Collected data entries

lemma gdist_edge: "{u, v} \<in> G \<Longrightarrow> gdist G u v \<le> 1"
  using gdist_le_relpow[where k = 1] gdist_self[of G u]
  by (cases "u = v") (auto simp: adj_iff one_enat_def)

lemma gdist_infinite_outside_closed:
  assumes "u \<in> R" "\<And>x y. x \<in> R \<Longrightarrow> (x, y) \<in> adj G \<Longrightarrow> y \<in> R" "v \<notin> R"
  shows "gdist G u v = \<infinity>"
proof -
  have "\<forall>k. (u, v) \<notin> adj G ^^ k"
    using relpow_adj_closed[where u = u and R = R and v = v] assms by blast
  then show ?thesis by (simp add: gdist_def top_enat_def[symmetric])
qed

lemma cost_ge:
  fixes w :: "nat \<Rightarrow> real" and \<alpha> :: real
  assumes "\<forall>v\<in>players n. 0 \<le> w v" "A \<subseteq> far_players n S \<beta> u"
  shows "\<alpha> * card (S u) + sum w A \<le> cost n w \<alpha> \<beta> S u"
proof -
  have "sum w A \<le> sum w (far_players n S \<beta> u)"
    by (rule sum_mono2) (use assms in \<open>auto simp: players_def\<close>)
  then show ?thesis unfolding cost_def by simp
qed

lemma cost_le:
  fixes w :: "nat \<Rightarrow> real" and \<alpha> :: real
  assumes "\<forall>v\<in>players n. 0 \<le> w v" "far_players n S \<beta> u \<subseteq> B" "B \<subseteq> players n"
  shows "cost n w \<alpha> \<beta> S u \<le> \<alpha> * card (S u) + sum w B"
proof -
  have "sum w (far_players n S \<beta> u) \<le> sum w B"
    by (rule sum_mono2) (use assms in \<open>auto simp: players_def intro: finite_subset\<close>)
  then show ?thesis unfolding cost_def by simp
qed

lemma outcome_single_buyer:
  "u \<in> players n \<Longrightarrow> outcome n ((\<lambda>_. {})(u := T)) = {{u, v} | v. v \<in> T}"
  by (auto simp: outcome_def)

lemma edgeless_profile_is_NE:
  assumes w_nonneg: "\<forall>v\<in>players n. 0 \<le> w v" and w_le: "\<forall>v\<in>players n. w v \<le> \<alpha>"
  shows "is_NE n w \<alpha> \<beta> (\<lambda>_. {})"
  unfolding is_NE_def
proof (intro conjI ballI allI impI)
  show "valid_profile n (\<lambda>_. {})" by (simp add: valid_profile_def)
next
  fix u T assume u: "u \<in> players n" and T: "T \<subseteq> players n - {u}"
  have fin: "finite (players n)" by (simp add: players_def)
  have near_self: "far_players n (\<lambda>_. {}) \<beta> u \<subseteq> players n - {u}"
    by (auto simp: gdist_self)
  have before: "cost n w \<alpha> \<beta> (\<lambda>_. {}) u \<le> sum w (players n - {u})"
    using cost_le[OF w_nonneg near_self Diff_subset] by simp
  have unreached: "players n - {u} - T \<subseteq> far_players n ((\<lambda>_. {})(u := T)) \<beta> u"
  proof
    fix v assume v: "v \<in> players n - {u} - T"
    have "gdist (outcome n ((\<lambda>_. {})(u := T))) u v = \<infinity>"
      by (rule gdist_infinite_outside_closed[where R = "insert u T"])
        (use v in \<open>auto simp: outcome_single_buyer[OF u] adj_iff doubleton_eq_iff\<close>)
    then show "v \<in> far_players n ((\<lambda>_. {})(u := T)) \<beta> u" using v by simp
  qed
  have after: "\<alpha> * card T + sum w (players n - {u} - T) \<le> cost n w \<alpha> \<beta> ((\<lambda>_. {})(u := T)) u"
    using cost_ge[OF w_nonneg unreached] by simp
  have "sum w (players n - {u}) = sum w T + sum w (players n - {u} - T)"
    using T fin by (metis finite_Diff sum.subset_diff add.commute)
  moreover have "sum w T \<le> card T * \<alpha>"
    using sum_bounded_above[of T w \<alpha>] T w_le by auto
  ultimately show "cost n w \<alpha> \<beta> (\<lambda>_. {}) u \<le> cost n w \<alpha> \<beta> ((\<lambda>_. {})(u := T)) u"
    using before after by (simp add: algebra_simps)
qed
lemma gen_prod_coxeter_suffix:
  assumes "1 \<le> k" "k \<le> n"
  shows "gen_prod n [k..<n] = coxeter_suffix n k"
  using assms
proof (induction "n - k" arbitrary: k)
  case 0
  then have "k = n" "int n > 0" by simp_all
  then show ?case by (auto simp: coxeter_suffix_def fun_eq_iff)
next
  case (Suc d)
  then have "k < n" by simp
  then have "[k..<n] = k # [Suc k..<n]" by (simp add: upt_conv_Cons)
  moreover have "gen_prod n [Suc k..<n] = coxeter_suffix n (Suc k)" using Suc by simp
  ultimately show ?case using affine_gen_coxeter_suffix[OF Suc(3) \<open>k < n\<close>] by (auto simp: fun_eq_iff)
qed

definition coxeter :: "nat \<Rightarrow> int \<Rightarrow> int" where
  "coxeter n j = (if j mod int n = 0 then j - int n
     else if j mod int n = int n - 1 then j + 2 else j + 1)"

lemma gen_prod_coxeter:
  assumes "n \<ge> 3"
  shows "gen_prod n [0..<n] = coxeter n"
proof
  fix j
  define r where "r = j mod int n"
  have n: "int n > 0" using assms by simp
  have r: "0 \<le> r" "r < int n" using n by (simp_all add: r_def)
  have j1: "(j + 1) mod int n = (if r + 1 < int n then r + 1 else 0)"
    using mod_add_one_eq_if[OF n, of j] by (simp add: r_def)
  have j2: "(j - (int n - 1)) mod int n = (r + 1) mod int n"
    by (simp add: mod_diff_diff_eq r_def)
  have "[0..<n] = 0 # [1..<n]" using assms by (simp add: upt_conv_Cons)
  then have "gen_prod n [0..<n] j = affine_gen n 0 (coxeter_suffix n 1 j)"
    using gen_prod_coxeter_suffix[of 1 n] assms by simp
  also have "\<dots> = coxeter n j"
  proof -
    consider "r \<noteq> 0" "r < int n - 1" | "r = int n - 1" | "r = 0"
      using r by linarith
    then show ?thesis
      by cases (use j1 j2 r assms in
          \<open>simp_all add: affine_gen_eq_if coxeter_suffix_def coxeter_def r_def[symmetric]\<close>)
  qed
  finally show "gen_prod n [0..<n] j = coxeter n j" .
qed

text \<open>index n enumerates the integers not divisible by n in increasing order;
  on them coxeter n is the successor, so its (n-1)-st power adds n.\<close>
definition index :: "nat \<Rightarrow> int \<Rightarrow> int" where
  "index n x = (int n - 1) * (x div int n) + (x mod int n - 1)"

lemma coxeter_index:
  assumes "n \<ge> 3" "x mod int n \<noteq> 0"
  shows "coxeter n x mod int n \<noteq> 0 \<and> index n (coxeter n x) = index n x + 1"
proof -
  define q r where "q = x div int n" and "r = x mod int n"
  have n: "int n > 0" using assms by simp
  have "0 \<le> r" "r \<noteq> 0" "r < int n" using n assms(2) by (simp_all add: r_def)
  then have r: "0 < r" "r < int n" by simp_all
  have x: "x = int n * q + r" by (simp add: q_def r_def)
  show ?thesis
  proof (cases "r = int n - 1")
    case True
    then have "coxeter n x = int n * (q + 1) + 1"
      using r by (simp add: coxeter_def r_def[symmetric]) (subst x, simp add: algebra_simps)
    moreover have "(int n * (q + 1) + 1) div int n = q + 1" "(int n * (q + 1) + 1) mod int n = 1"
      using assms by simp_all
    ultimately show ?thesis using True by (simp add: index_def q_def[symmetric] r_def[symmetric] algebra_simps)
  next
    case False
    then have "coxeter n x = int n * q + (r + 1)"
      using r by (simp add: coxeter_def r_def[symmetric]) (subst x, simp add: algebra_simps)
    moreover have "(int n * q + (r + 1)) div int n = q" "(int n * q + (r + 1)) mod int n = r + 1"
      using r False by (simp_all add: add.commute)
    ultimately show ?thesis using r by (simp add: index_def q_def[symmetric] r_def[symmetric] algebra_simps)
  qed
qed

lemma funpow_coxeter_index:
  assumes "n \<ge> 3" "x mod int n \<noteq> 0"
  shows "(coxeter n ^^ k) x mod int n \<noteq> 0 \<and> index n ((coxeter n ^^ k) x) = index n x + int k"
  by (induction k) (use assms coxeter_index in auto)

lemma index_inj:
  assumes "n \<ge> 3" "x mod int n \<noteq> 0" "y mod int n \<noteq> 0" "index n x = index n y"
  shows "x = y"
proof -
  have decomp: "z div int n = index n z div (int n - 1) \<and> z mod int n - 1 = index n z mod (int n - 1)"
    if "z mod int n \<noteq> 0" for z
  proof -
    have "0 \<le> z mod int n" "z mod int n < int n" using assms(1) by simp_all
    then have "0 \<le> z mod int n - 1" "z mod int n - 1 < int n - 1" using that by linarith+
    then show ?thesis by (simp add: index_def add.commute)
  qed
  have "x = int n * (x div int n) + x mod int n" "y = int n * (y div int n) + y mod int n"
    by simp_all
  then show ?thesis using decomp[OF assms(2)] decomp[OF assms(3)] assms(4) by (metis diff_add_cancel)
qed

lemma funpow_coxeter_multiple:
  assumes "x mod int n = 0"
  shows "(coxeter n ^^ k) x = x - int k * int n"
proof (induction k)
  case (Suc k)
  have "(x - int k * int n) mod int n = 0" using assms by (simp add: mod_diff_eq[symmetric])
  then have "coxeter n (x - int k * int n) = x - int k * int n - int n" by (simp add: coxeter_def)
  then show ?case by (simp add: Suc.IH algebra_simps)
qed simp

lemma funpow_coxeter:
  assumes "n \<ge> 3"
  shows "coxeter n ^^ (n - 1) = translation n (spike n 0)"
proof
  fix x
  show "(coxeter n ^^ (n - 1)) x = translation n (spike n 0) x"
  proof (cases "x mod int n = 0")
    case True
    then show ?thesis using funpow_coxeter_multiple[OF True, of "n - 1"] assms
      by (simp add: translation_def spike_def algebra_simps)
  next
    case False
    have "(x + int n) mod int n = x mod int n" by simp
    moreover have "(x + int n) div int n = x div int n + 1" using assms by (simp add: div_add_self2)
    ultimately have "index n (x + int n) = index n x + int (n - 1)"
      using assms by (simp add: index_def algebra_simps)
    then have "(coxeter n ^^ (n - 1)) x = x + int n"
      using funpow_coxeter_index[OF assms False, of "n - 1"] index_inj[OF assms] False by simp
    then show ?thesis using False by (simp add: translation_def spike_def)
  qed
qed

lemma affine_gen_add: "affine_gen n (i + k) j = affine_gen n i (j - int k) + int k"
proof -
  have "(j mod int n = int (i + k) mod int n) = ((j - int k) mod int n = int i mod int n)"
    "(j mod int n = (int (i + k) + 1) mod int n) = ((j - int k) mod int n = (int i + 1) mod int n)"
    by (simp_all add: mod_eq_dvd_iff algebra_simps)
  then show ?thesis unfolding affine_gen_def by simp
qed

lemma affine_gen_mod: "affine_gen n (i mod n) = affine_gen n i"
proof -
  have "int (i mod n) mod int n = int i mod int n"
    "(int (i mod n) + 1) mod int n = (int i + 1) mod int n"
    by (simp_all add: of_nat_mod mod_add_left_eq)
  then show ?thesis unfolding affine_gen_def by (simp add: fun_eq_iff)
qed

lemma gen_prod_rotate:
  "gen_prod n (map (\<lambda>i. (i + k) mod n) is) j = gen_prod n is (j - int k) + int k"
  by (induction "is" arbitrary: j) (simp_all add: affine_gen_mod affine_gen_add)

lemma funpow_conj_shift:
  "(\<lambda>j. f (j - d) + d) ^^ m = (\<lambda>j. (f ^^ m) (j - d) + (d :: int))"
  by (induction m) (simp_all add: fun_eq_iff)

lemma translation_spike_shift:
  assumes "0 \<le> k" "k < int n"
  shows "translation n (spike n 0) (j - k) + k = translation n (spike n k) j"
proof -
  have "(j - k) mod int n = 0 \<longleftrightarrow> j mod int n = k"
    using assms by (simp add: mod_eq_0_iff_dvd mod_eq_dvd_iff[of j _ k, symmetric])
  then show ?thesis by (simp add: translation_def spike_def)
qed

definition coxeter_word :: "nat \<Rightarrow> nat \<Rightarrow> nat list" where
  "coxeter_word n k = map (\<lambda>i. (i + k) mod n) [0..<n]"

lemma funpow_gen_prod_coxeter_word:
  assumes "n \<ge> 3" "k < n"
  shows "gen_prod n (coxeter_word n k) ^^ (n - 1) = translation n (spike n (int k))"
proof -
  have "gen_prod n (coxeter_word n k) = (\<lambda>j. coxeter n (j - int k) + int k)"
    using gen_prod_rotate[of n k "[0..<n]"] gen_prod_coxeter[OF assms(1)]
    by (simp add: coxeter_word_def fun_eq_iff)
  then have "gen_prod n (coxeter_word n k) ^^ (n - 1) = (\<lambda>j. (coxeter n ^^ (n - 1)) (j - int k) + int k)"
    by (simp only: funpow_conj_shift)
  also have "\<dots> = (\<lambda>j. translation n (spike n 0) (j - int k) + int k)"
    by (simp only: funpow_coxeter[OF assms(1)])
  also have "\<dots> = translation n (spike n (int k))"
    using assms by (simp add: translation_spike_shift fun_eq_iff)
  finally show ?thesis .
qed

section \<open>A quadratic family of avoiders\<close>

definition spike_word :: "nat \<Rightarrow> nat \<Rightarrow> nat \<Rightarrow> nat list" where
  "spike_word n u v = concat (replicate ((n - 1) * u) (coxeter_word n 0))
     @ concat (replicate ((n - 1) * v) (coxeter_word n 1))"

definition spike_translation :: "nat \<Rightarrow> nat \<Rightarrow> nat \<Rightarrow> int \<Rightarrow> int" where
  "spike_translation n u v = translation n (\<lambda>r. int u * spike n 0 r + int v * spike n 1 r)"

lemma gen_prod_spike_word:
  assumes "n \<ge> 3"
  shows "gen_prod n (spike_word n u v) = spike_translation n u v"
proof -
  have "gen_prod n (spike_word n u v)
      = (gen_prod n (coxeter_word n 0) ^^ (n - 1)) ^^ u \<circ> (gen_prod n (coxeter_word n 1) ^^ (n - 1)) ^^ v"
    by (simp add: spike_word_def gen_prod_append gen_prod_replicate funpow_mult mult.commute)
  also have "\<dots> = translation n (spike n 0) ^^ u \<circ> translation n (spike n 1) ^^ v"
    using funpow_gen_prod_coxeter_word[of n 0] funpow_gen_prod_coxeter_word[of n 1] assms by simp
  also have "\<dots> = spike_translation n u v"
    by (simp add: funpow_translation spike_translation_def fun_eq_iff translation_translation)
  finally show ?thesis .
qed
(* Let $N,T\ge1$, $\boldsymbol E\in\mathbb{C}^{N\times T}$, $H(x,\boldsymbol y)=\|\boldsymbol E-\boldsymbol a(x)\boldsymbol y^H\|_F^2$, and let $L:\mathbb C^T\to(0,\infty)$ be such that Assumption A holds. Let $\{\boldsymbol z^k\}=\{(x^k,\boldsymbol y^k)\}$ be generated by the cubic-regularized alternating scheme from $\boldsymbol z^0$, and assume this sequence is bounded. Let $\omega(\boldsymbol z^0)$ be the set of all $\bar{\boldsymbol z}\in\mathbb R\times\mathbb C^T$ for which there is an increasing sequence of integers $\{k_l\}$ with $\boldsymbol z^{k_l}\to\bar{\boldsymbol z}$. Then: (i) $\omega(\boldsymbol z^0)$ is nonempty and $\omega(\boldsymbol z^0)\subseteq\operatorname{crit}H:=\{\boldsymbol z:\nabla_{\boldsymbol z}H(\boldsymbol z)=0\}$; (ii) $\lim_{k\to\infty}\operatorname{dist}(\boldsymbol z^k,\omega(\boldsymbol z^0))=0$.
   Context: Steering vector: $\boldsymbol a(x)=\frac{1}{\sqrt N}[1,e^{jx},\dots,e^{j(N-1)x}]^T$ for $x\in\mathbb R$. Cubic-regularized alternating scheme: given $H:\mathbb{R}\times\mathbb{C}^T\to\mathbb{R}$, a function $L:\mathbb{C}^T\to(0,\infty)$ and an initial point $(x^0,\boldsymbol y^0)$, for $k\ge0$ define $$\xi_k(x)=\partial_x H(x^k,\boldsymbol y^k)(x-x^k)+\tfrac12\,\partial^2_{xx}H(x^k,\boldsymbol y^k)(x-x^k)^2+\tfrac{L(\boldsymbol y^k)}{6}|x-x^k|^3,$$ $$x^{k+1}\in\arg\min_{x\in\mathbb R}\xi_k(x),\qquad \boldsymbol y^{k+1}\in\arg\min_{\boldsymbol y\in\mathbb{C}^T}H(x^{k+1},\boldsymbol y),$$ and write $\boldsymbol z^k=(x^k,\boldsymbol y^k)$. Assumption A: (i) $H$ is bounded below. (ii) For every fixed $\boldsymbol y$, $x\mapsto H(x,\boldsymbol y)$ is twice continuously differentiable with $|\partial^2_{xx}H(x_1,\boldsymbol y)-\partial^2_{xx}H(x_2,\boldsymbol y)|\le L(\boldsymbol y)|x_1-x_2|$. (iii) There is $\nu>0$ such that for every fixed $x$, $\boldsymbol y\mapsto H(x,\boldsymbol y)-\frac{\nu}{2}\|\boldsymbol y\|^2$ is convex on $\mathbb C^T\cong\mathbb R^{2T}$. (iv) There exist $0<\lambda^-\le\lambda^+$ with $\lambda^-\le L(\boldsymbol y^k)\le\lambda^+$ for all $k$. $\nabla_{\boldsymbol z}H=(\partial_xH,\nabla_{\boldsymbol y}H)$ with $\nabla_{\boldsymbol y}$ the Wirtinger gradient with respect to $\boldsymbol y$; $\operatorname{dist}(\boldsymbol z,S)=\inf_{\boldsymbol s\in S}\|\boldsymbol z-\boldsymbol s\|$. *)

theory Defs
  imports "HOL-Analysis.Analysis"
begin

definition steer :: "nat \<Rightarrow> nat \<Rightarrow> real \<Rightarrow> complex" where
  "steer N i x = exp (\<i> * of_nat i * complex_of_real x) / complex_of_real (sqrt (real N))"
lemma log_cover_num_Un_le:
  assumes X: "Metric_space X d" and "X1 \<subseteq> X" "X2 \<subseteq> X" and x: "x \<in> X1" "x \<in> X2" and r: "0 \<le> r"
  shows "log_cover_num (X1 \<union> X2) d x lam r
    \<le> max (log_cover_num X1 d x lam r) (log_cover_num X2 d x lam r) + ereal (ln 2)"
proof -
  let ?U = "X1 \<union> X2"
  have "?U \<subseteq> X" "x \<in> ?U" using assms(2,3) x by auto
  have U: "Metric_space ?U d" using Metric_space.subspace[OF X \<open>?U \<subseteq> X\<close>] .
  have "Metric_space.mcball ?U d x r = Metric_space.mcball X1 d x r \<union> Metric_space.mcball X2 d x r"
    unfolding mcball_subspace[OF X \<open>?U \<subseteq> X\<close> \<open>x \<in> ?U\<close>] mcball_subspace[OF X assms(2) x(1)]
      mcball_subspace[OF X assms(3) x(2)] by blast
  then have "cover_num ?U d (lam * r) (Metric_space.mcball ?U d x r)
      \<le> cover_num X1 d (lam * r) (Metric_space.mcball X1 d x r)
        + cover_num X2 d (lam * r) (Metric_space.mcball X2 d x r)"
    using cover_num_Un_le[OF U, of X1 X2] by simp
  moreover have "1 \<le> cover_num ?U d (lam * r) (Metric_space.mcball ?U d x r)"
    using cover_num_mcball_ge_1[OF U \<open>x \<in> ?U\<close> r] .
  moreover have "1 \<le> cover_num X1 d (lam * r) (Metric_space.mcball X1 d x r)"
    "1 \<le> cover_num X2 d (lam * r) (Metric_space.mcball X2 d x r)"
    using cover_num_mcball_ge_1[OF Metric_space.subspace[OF X] _ r] assms(2,3) x by auto
  ultimately show ?thesis
    unfolding log_cover_num_def by (meson ln_ext_add_le ln_ext_mono order_trans)
qed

» Task requirements: What is the number of lines in the records that contain "infinity"? State that number alone.

» Solution: 2